AD: In the book, Marianne Engel's agent --- a woman named Jack Meredith --- talks about this very subject. She says: "... (Marianne had) gotten her first tattoo, one of those Latin sayings on her arm. When I asked why, she said that since she can't afford stone, she might as well use her body as a canvas. All those tattoos she's got, she got them when she couldn't carve for some reason."

Jack Meredith is generally a straight shooter, so I'll assume that her opinion has some merit. In regards to the question why Marianne chooses the images that she does.... Well, she seems to be very much preoccupied by the relationship of body and spirit, so to embed religious iconography into her very skin seems quite logical to me.

Ultimately, however, neither Jack Meredith nor I are fully qualified to explain Marianne's fascination with tattoos. Only Marianne knows for sure.

BRC: Is it important whether Marianne's story is true or not? Why did the narrator feel the need to share it?

AD: I'm sure it's important to her, and I'm sure the narrator shared the story because it was important to him.

BRC: The cover of the book reads, "All things in a single book bound by love." What does that mean to you?

AD: It means that if you're going to steal, steal from the best.

O plentitude of grace, by which I could presume to fix my eyes upon eternal Light until my vision was spent on it!

In its depth I saw contained by love into a single volume bound, the pages scattered through the universe...

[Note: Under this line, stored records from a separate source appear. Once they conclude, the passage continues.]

lemma full_jump_exponent:
  "0 < d \<Longrightarrow> 0 < k \<Longrightarrow> (real d + 1) / real d * real d ^ k = real (d ^ (k - 1) * Suc d)"
  by (cases k) (simp_all add: field_simps)

lemma measure_survival_ge_rho:
  fixes \<rho> :: real
  assumes d: "0 < d" and p0: "0 < pmf p 0" and "0 \<le> \<rho>"
    and rho_root: "measure_pmf.expectation p (\<lambda>k. \<rho> ^ (d ^ k)) + (1 - \<rho>) * pmf p 0 = \<rho>"
    and rho_least: "\<And>x. x \<ge> 0 \<Longrightarrow>
        measure_pmf.expectation p (\<lambda>k. x ^ (d ^ k)) + (1 - x) * pmf p 0 = x \<Longrightarrow> \<rho> \<le> x"
  shows "1 - (1 - \<rho> powr ((real d + 1) / real d)) * pmf p 0
           - measure_pmf.expectation p (\<lambda>k. \<rho> powr ((real d + 1) / real d * real d ^ k))
         \<le> measure (cone_space p) (survival d p)"
proof -
  define c where "c = (real d + 1) / real d"
  have "\<rho> \<le> 1"
    using rho_least[of 1] by simp
  have "0 < \<rho>"
    using rho_root p0 \<open>0 \<le> \<rho>\<close> pmf_expectation_zero_power[of "\<lambda>k. d ^ k" p] d
    by (cases "\<rho> = 0") auto
  have "(\<lambda>k. pmf p k * (if k = 0 then 1 else \<rho> ^ (d ^ k))) sums \<rho>"
    using sums_pmf_expectation_modify_0[of "\<lambda>k. \<rho> ^ (d ^ k)" 1 "\<lambda>k. if k = 0 then 1 else \<rho> ^ (d ^ k)" p]
      \<open>0 \<le> \<rho>\<close> \<open>\<rho> \<le> 1\<close> rho_root by (simp add: power_le_one algebra_simps)
  moreover have "(\<lambda>k. pmf p k * (if k = 0 then 1 else \<rho> ^ (d ^ (k - 1) * Suc d)))
      sums (measure_pmf.expectation p (\<lambda>k. \<rho> powr (c * real d ^ k)) + pmf p 0 * (1 - \<rho> powr c))"
  proof -
    have "\<bar>\<rho> powr (c * real d ^ k)\<bar> \<le> 1" for k
      using \<open>0 \<le> \<rho>\<close> \<open>\<rho> \<le> 1\<close> d by (simp add: c_def powr_le1)
    moreover have "\<rho> ^ (d ^ (k - 1) * Suc d) = \<rho> powr (c * real d ^ k)" if "0 < k" for k
      by (simp only: c_def full_jump_exponent[OF d that] powr_realpow[OF \<open>0 < \<rho>\<close>])
    ultimately show ?thesis
      using sums_pmf_expectation_modify_0[of "\<lambda>k. \<rho> powr (c * real d ^ k)" 1
          "\<lambda>k. if k = 0 then 1 else \<rho> ^ (d ^ (k - 1) * Suc d)" p]
      by simp
  qed
  ultimately have "1 - (measure_pmf.expectation p (\<lambda>k. \<rho> powr (c * real d ^ k)) + pmf p 0 * (1 - \<rho> powr c))
      \<le> measure (cone_space p) (survival d p)"
    by (rule measure_survival_ge[OF d \<open>0 \<le> \<rho>\<close>])
  then show ?thesis
    by (simp add: c_def algebra_simps)
qed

--- Dante, Paradiso, XXXIII, 82-87, A verse translation by Robert & Jean Hollander Doubleday © 2007, by Robert Hollander and Jean Hollander.

BRC: Are you surprised by all the attention the book is receiving? How has its publication changed your life?

AD: I'd be a good-for-nothing liar if I didn't confess that I'm surprised by the attention. Any writer hoping for publication probably has a dream scenario that s/he imagines, late at night when no one is around. When I imagined mine, it usually involved seeing my book on a shelf in a store. One book, on any shelf, in any store --- even if I had to print a copy and sneak it into the shop, and furtively leave it behind. But it seems now as though there will be more than one book on one shelf.

How has this changed my life? In the best possible of all ways: I have the great privilege of being able to write professionally, without needing another job.

BRC: What are you reading now?

AD: I'm reading about history, religion, medicine, mental health and, of course, love. In other words: same old, same old.

BRC: Are you at work on another book? If so, what can you share about it?

AD: I am at work on another book --- the research stages of it, at least. I have hundreds of pages of notes, which means, of course, that I have no idea what the novel will be about. This isn't bad, by the way: I'm looking forward to the grand surprise of discovering what I'm actually thinking these days.

I've written about five pages of prose for the next book, but I can guarantee that none of it will be used in the final version. Well, that's not entirely true: I'm seriously considering keeping the words "the" and "and."